In summary, the pre-processing network 5301 may obtain an actual target-language speech feature for an ith time step, where i=1, 2, . . . , M, and M is the total number of time steps. The actual target-language speech feature for the ith time step may be understood as a second vector corresponding to an (i+1)th time step, and the pre-processing network 5301 may process the second vector corresponding to the (i+1)th time step to obtain a 512-dimensional vector, where the 512-dimensional vector is a first vector corresponding to the (i+1)th time step. Further, the pre-processing network 5301 may input the first vector corresponding to the (i+1)th time step into the first attention module 520, and the first attention module 520 may process the first vector corresponding to the (i+1)th time step and the 25 512-dimensional vectors that are obtained from the encoder module 510, so as to obtain a first attention representation corresponding to the (i+1)th time step. Furthermore, the first attention module 520 inputs the first attention representation corresponding to the (i+1)th time step into the second transformer module 5302, and the second transformer module 5302 may process the first attention representation corresponding to the (i+1)th time step to obtain a target-language speech feature for the (i+1)th time step.
In a testing stage, the pre-processing network 5301 may obtain an 80-dimensional all-0 vector, which all-0 vector is a second vector corresponding to a first time step, and the pre-processing network 5301 may process the all-0 vector to obtain a 512-dimensional all-0 vector, which all-0 vector is a first vector corresponding to the first time step. Further, the pre-processing network 5301 may input the all-0 vector into the first attention module 520, and the first attention module 520 may process the all-0 vector and 25 512-dimensional vectors that are obtained from the encoder module 510, so as to obtain a first attention representation corresponding to the first time step. Furthermore, the first attention module 520 inputs the first attention representation corresponding to the first time step into the second transformer module 5302, and the second transformer module 5302 may process the first attention representation corresponding to the first time step to obtain a target-language speech feature for the first time step, where the target-language speech feature for the first time step is obtained through prediction. Further, the pre-processing network 5301 may obtain a predicted target-language speech feature for the first time step, and process the predicted target-language speech feature to obtain a 512-dimensional vector, where the predicted target-language speech feature for the first time step may be understood as the above second vector corresponding to the second time step, and the 512-dimensional vector is a first vector corresponding to the second time step. Further, the pre-processing network 5301 may input the first vector corresponding to the second time step into the first attention module 520, and the first attention module 520 may process the first vector corresponding to the second time step and the 25 512-dimensional vectors that are obtained from the encoder module 510, so as to obtain a first attention representation corresponding to the second time step. Furthermore, the first attention module 520 inputs the first attention representation corresponding to the second time step into the second transformer module 5302, and the second transformer module 5302 may process the first attention representation corresponding to the second time step to obtain a target-language speech feature for the second time step.

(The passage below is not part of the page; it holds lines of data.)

lemma arnoldi_relation: "M * basis_V * arnoldi_K (length s) = basis_V * arnoldi_H s"
proof -
  have "M * basis_V * arnoldi_K (length s) = M * basis_Z"
    using M basis_V_carrier by (simp add: basis_V_mult_arnoldi_K[symmetric] assoc_mult_mat[of _ n n _ _ _ "length s"])
  also have "\<dots> = basis_V * arnoldi_H s"
  proof (rule mat_col_eqI)
    fix k assume "k < dim_col (basis_V * arnoldi_H s)"
    then have k: "k < length s" by simp
    have "col (M * basis_Z) k = M *\<^sub>v krylov_vec (pole_poly (drop (Suc k) s))"
      unfolding col_mult2[OF M basis_Z_carrier k] col_basis_Z[OF k] ..
    also have "\<dots> = basis_V *\<^sub>v col (arnoldi_H s) k"
      unfolding mult_krylov_vec basis_V_def
        krylov_mat_mult_vec[OF col_carrier_vec[OF k arnoldi_H_carrier]] sum_col_arnoldi_H[OF k] ..
    also have "\<dots> = col (basis_V * arnoldi_H s) k"
      using col_mult2[OF basis_V_carrier arnoldi_H_carrier k] ..
    finally show "col (M * basis_Z) k = col (basis_V * arnoldi_H s) k" .
  qed (use M basis_V_carrier basis_Z_carrier in auto)
  finally show ?thesis .
qed

end

locale variant_rat_krylov = rat_krylov_data +
  assumes variant: "mat_variant M (rat_krylov M b s (length s))"
begin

In summary, the pre-processing network 5301 may obtain a predicted target-language speech feature for an ith time step, where i=1, 2, . . . , M, and M is the total number of time steps. The predicted target-language speech feature for the ith time step may be understood as a second vector corresponding to an (i+1)th time step, and the pre-processing network 5301 may process the second vector corresponding to the (i+1)th time step to obtain a 512-dimensional vector, where the 512-dimensional vector is a first vector corresponding to the (i+1)th time step. Further, the pre-processing network 5301 may input the first vector corresponding to the (i+1)th time step into the first attention module 520, and the first attention module 520 may process the first vector corresponding to the (i+1)th time step and the 25 512-dimensional vectors that are obtained from the encoder module 510, so as to obtain a first attention representation corresponding to the (i+1)th time step. Furthermore, the first attention module 520 inputs the first attention representation corresponding to the (i+1)th time step into the second transformer module 5302, and the second transformer module 5302 may process the first attention representation corresponding to the (i+1)th time step to obtain a target-language speech feature for the (i+1)th time step.
Optionally, the second transformer module 5302 may input target-language speech features for time steps into the post-processing network 5303, and the post-processing network 5303 may perform weighted summation on the target-language speech features for the time steps to obtain a target-language speech feature corresponding to the source-language speech feature.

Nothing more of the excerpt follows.